[4.4] Strange performance regression?

francesco biscani <bluescarni@xxxxxxxxx> · Tue, 13 Oct 2009 23:48:11 +0200

(I mistakenly sent this to gcc@xxxxxxx earlier, apologies for any inconvenience)

Hi list,

I'm experiencing a strange behaviour with GCC 4.4.1. Basically I have
some C++ mathematical code which gets a ~x2 performance drop if I
*remove* the following debug line from the code:

---------------

std::cout << "Block size: " << block_size << '\n';

---------------

Where block_size is a std::size_t variable. It took a while to bisect
this issue, but now I can reproduce it consistently by removing just
that line. In order to have the expected performance, both the strings
and the variable must be printed. The architecture is x86_64, 64-bit
Gentoo Linux on Intel Core2 Q6600 CPU. The same problem is not there
on another machine, a 64-bit Ubuntu Linux with GCC 4.3.3 and Intel
Xeon Core2 (8 cores total).

Unfortunately the offending portion of code is buried quite deep into
templated code, so it is a bit difficult for me to reduce the test
case to a minimum.
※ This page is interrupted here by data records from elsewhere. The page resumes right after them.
(* Let $p,q,r\in(0,1)$ with $p+q+r=1$. Let $X_1,\eta_2,\eta_3,\ldots$ be independent random variables, each taking the values $1,-1,0$ with probabilities $p,q,r$ respectively. Set $X_{n+1}=\eta_{n+1}X_1$ for $n\ge1$ and $S_n=\sum_{k=1}^nX_k$. Then, as $n\to\infty$: (a) $\dfrac{S_n-n(p-q)X_1}{\sqrt{n\,(p+q-(p-q)^2)}}$ converges in distribution to the law with distribution function $F(x)=(p+q)\Phi(x)+r\,\mathbf 1\{x\ge0\}$, where $\Phi$ is the standard normal distribution function; (b) $\dfrac{S_n-n(p-q)X_1}{n}\to0$ almost surely.
   Context: This is the elephant random walk with delays in which the elephant remembers only the first step. The limit in (a) is the mixture $(p+q)\mathcal N_{0,1}+r\delta_0$ of a standard normal law and a point mass at $0$. *)

theory Defs
  imports "HOL-Probability.Probability"
begin

end

theory Submission
  imports Defs "HOL-Real_Asymp.Real_Asymp"
begin

(* Let \<mu> = p - q and \<sigma>\<^sup>2 = p + q - \<mu>\<^sup>2 be the mean and variance of the steps.
   Since X k = eta k * X1 for k \<ge> 2, we have S n - n \<mu> X1 = X1 * W n with
   W n = (\<Sum>k=2..n. eta k - \<mu>) + (1 - \<mu>), and X1 is independent of W n. Splitting according to
   X1 \<in> {1, -1, 0}, the law of the normalised quantity is p times the law of W n / sqrt (n \<sigma>\<^sup>2),
   plus q times the law of its negative, plus r \<delta>\<^sub>0. The central limit theorem, applied to the
   eta k and to the - eta k, sends both laws to N(0,1); the shift 1 - \<mu> and the normalisation
   by n instead of n - 1 do not matter in the limit. For (b), the centred eta k are bounded, so
   Hoeffding's inequality and Borel-Cantelli give W n / n \<longlonglongrightarrow> 0 almost surely. *)

lemma (in prob_space) indep_sets_reindex:
  assumes ind: "indep_sets F I" and inj: "inj_on g J" and sub: "g ` J \<subseteq> I"
  shows "indep_sets (\<lambda>j. F (g j)) J"
  unfolding indep_sets_def
proof (intro conjI ballI allI impI)
  fix j assume "j \<in> J"
  then show "F (g j) \<subseteq> events" using ind sub by (auto simp: indep_sets_def)
next
  fix K A assume K: "K \<subseteq> J" "K \<noteq> {}" "finite K" and A: "A \<in> Pi K (\<lambda>j. F (g j))"
  define B where "B i = A (the_inv_into K g i)" for i
  have injK: "inj_on g K" using inj K(1) by (rule inj_on_subset)
  have Bg: "B (g k) = A k" if "k \<in> K" for k
    using that injK by (simp add: B_def the_inv_into_f_f)
  have "prob (\<Inter>i\<in>g ` K. B i) = (\<Prod>i\<in>g ` K. prob (B i))"
    by (rule indep_setsD[OF ind]) (use K sub A Bg in auto)
  moreover have "(\<Inter>i\<in>g ` K. B i) = (\<Inter>k\<in>K. A k)" using Bg by auto
  moreover have "(\<Prod>i\<in>g ` K. prob (B i)) = (\<Prod>k\<in>K. prob (A k))"
    using injK Bg by (simp add: prod.reindex)
  ultimately show "prob (\<Inter>j\<in>K. A j) = (\<Prod>j\<in>K. prob (A j))" by simp
qed

lemma (in prob_space) indep_vars_reindex:
  assumes ind: "indep_vars M' X I" and inj: "inj_on g J" and sub: "g ` J \<subseteq> I"
  shows "indep_vars (\<lambda>j. M' (g j)) (\<lambda>j. X (g j)) J"
  using ind sub indep_sets_reindex[OF _ inj sub,
      where F="\<lambda>i. sigma_sets (space M) {X i -` A \<inter> space M | A. A \<in> sets (M' i)}"]
  unfolding indep_vars_def by auto

definition three_point_rv :: "'a measure \<Rightarrow> real \<Rightarrow> real \<Rightarrow> real \<Rightarrow> ('a \<Rightarrow> real) \<Rightarrow> bool" where
  "three_point_rv M p q r V \<longleftrightarrow> V \<in> borel_measurable M \<and> p + q + r = 1 \<and>
     measure M {\<omega> \<in> space M. V \<omega> = 1} = p \<and> measure M {\<omega> \<in> space M. V \<omega> = -1} = q \<and>
     measure M {\<omega> \<in> space M. V \<omega> = 0} = r"

lemma three_point_rv_measurable: "three_point_rv M p q r V \<Longrightarrow> V \<in> borel_measurable M"
  by (simp add: three_point_rv_def)

lemma three_point_rv_uminus: "three_point_rv M p q r V \<Longrightarrow> three_point_rv M q p r (\<lambda>\<omega>. - V \<omega>)"
  by (auto simp: three_point_rv_def minus_equation_iff eq_commute[of "-1"])

lemma (in prob_space) three_point_rv_AE:
  assumes "three_point_rv M p q r V"
  shows "AE \<omega> in M. V \<omega> \<in> {1, -1, 0}"
proof -
  have [measurable]: "V \<in> borel_measurable M" using assms by (rule three_point_rv_measurable)
  have "prob ({\<omega>\<in>space M. V \<omega> = 1} \<union> ({\<omega>\<in>space M. V \<omega> = -1} \<union> {\<omega>\<in>space M. V \<omega> = 0})) = 1"
    using assms
    by (subst finite_measure_Union; (subst finite_measure_Union)?) (auto simp: three_point_rv_def)
  then have "AE \<omega> in M. \<omega> \<in> {\<omega>\<in>space M. V \<omega> = 1} \<union> ({\<omega>\<in>space M. V \<omega> = -1} \<union> {\<omega>\<in>space M. V \<omega> = 0})"
    by (rule AE_prob_1)
  then show ?thesis by auto
qed

lemma (in prob_space) three_point_rv_integral:
  fixes f :: "real \<Rightarrow> real"
  assumes V: "three_point_rv M p q r V" and [measurable]: "f \<in> borel_measurable borel"
  shows "integrable M (\<lambda>\<omega>. f (V \<omega>))"
    and "expectation (\<lambda>\<omega>. f (V \<omega>)) = p * f 1 + q * f (-1) + r * f 0"
proof -
  have [measurable]: "V \<in> borel_measurable M" using V by (rule three_point_rv_measurable)
  define I :: "real \<Rightarrow> 'a \<Rightarrow> real" where "I c = indicator {\<omega>\<in>space M. V \<omega> = c}" for c
  define g where "g \<omega> = f 1 * I 1 \<omega> + f (-1) * I (-1) \<omega> + f 0 * I 0 \<omega>" for \<omega>
  have I: "integrable M (I c)" for c
    unfolding I_def by (intro integrable_real_indicator) (auto simp: emeasure_eq_measure)
  have g: "AE \<omega> in M. f (V \<omega>) = g \<omega>"
    using three_point_rv_AE[OF V] AE_space by eventually_elim (auto simp: g_def I_def)
  have g_int: "integrable M g"
    unfolding g_def using I by (intro Bochner_Integration.integrable_add integrable_mult_right)
  then show "integrable M (\<lambda>\<omega>. f (V \<omega>))"
    using g by (subst integrable_cong_AE) auto
  have "expectation (I c) = prob {\<omega>\<in>space M. V \<omega> = c}" for c
    by (simp add: I_def Int_absorb2)
  then have "expectation g = p * f 1 + q * f (-1) + r * f 0"
    using I V unfolding g_def three_point_rv_def by simp
  then show "expectation (\<lambda>\<omega>. f (V \<omega>)) = p * f 1 + q * f (-1) + r * f 0"
    using g g_int by (subst integral_cong_AE[where g=g]) auto
qed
However, some background may be helpful in
isolating the possible causes. That portion of the code is
conceptually quite simple. It is a polynomial multiplication routine,
which deals with two vectors of coefficients (in the specific case,
double-precision coefficients) and two vectors of long ints
representing the exponents (it's a kind of sparse representation of
two univariate polynomials). The coefficients are multiplied
one-by-one and the corresponding exponents are added one-by-one so
that the resulting integers indicate the positions of the results of
coefficient multiplication in a third coefficient vector (which
represents the result of the multiplication). In order to achieve best
performance, cache-blocking is employed in order to promote spatial
and temporal locality.

Since this portion of the code is quite critical, I've been
consistently trying to make sure the performance was always optimal.
In fact, when the code is as fast as expected, the processor is fully
utilizing its computing power, averaging around 4-5 clock cycles per
coefficient multiplication on the three different Core2 processors
I've tested the code with. This performance figure has been maintained
consistently for at least one year throughout various releases of GCC,
until this problem arose.

I've tried playing around a bit with the optimizations and with the
-falign* switches,
but I could not identify any concrete lead. The only maybe relevant
clue is that the
problem can be mitigated a bit by choosing -Os optimization level
instead of -O2. To my non-expert eyes this would seem like a case of
missed optimization (which maybe is triggered back by the print to
screen?), but at this point I am really at loss. I would like to open
a bug report, but first I wanted to understand if there is something
that I'm completely missing.

Any help or comment would be really appreciated!

Thanks,

 Francesco.

PS: if you reply, please CC me, as I'm not subscribed to the list.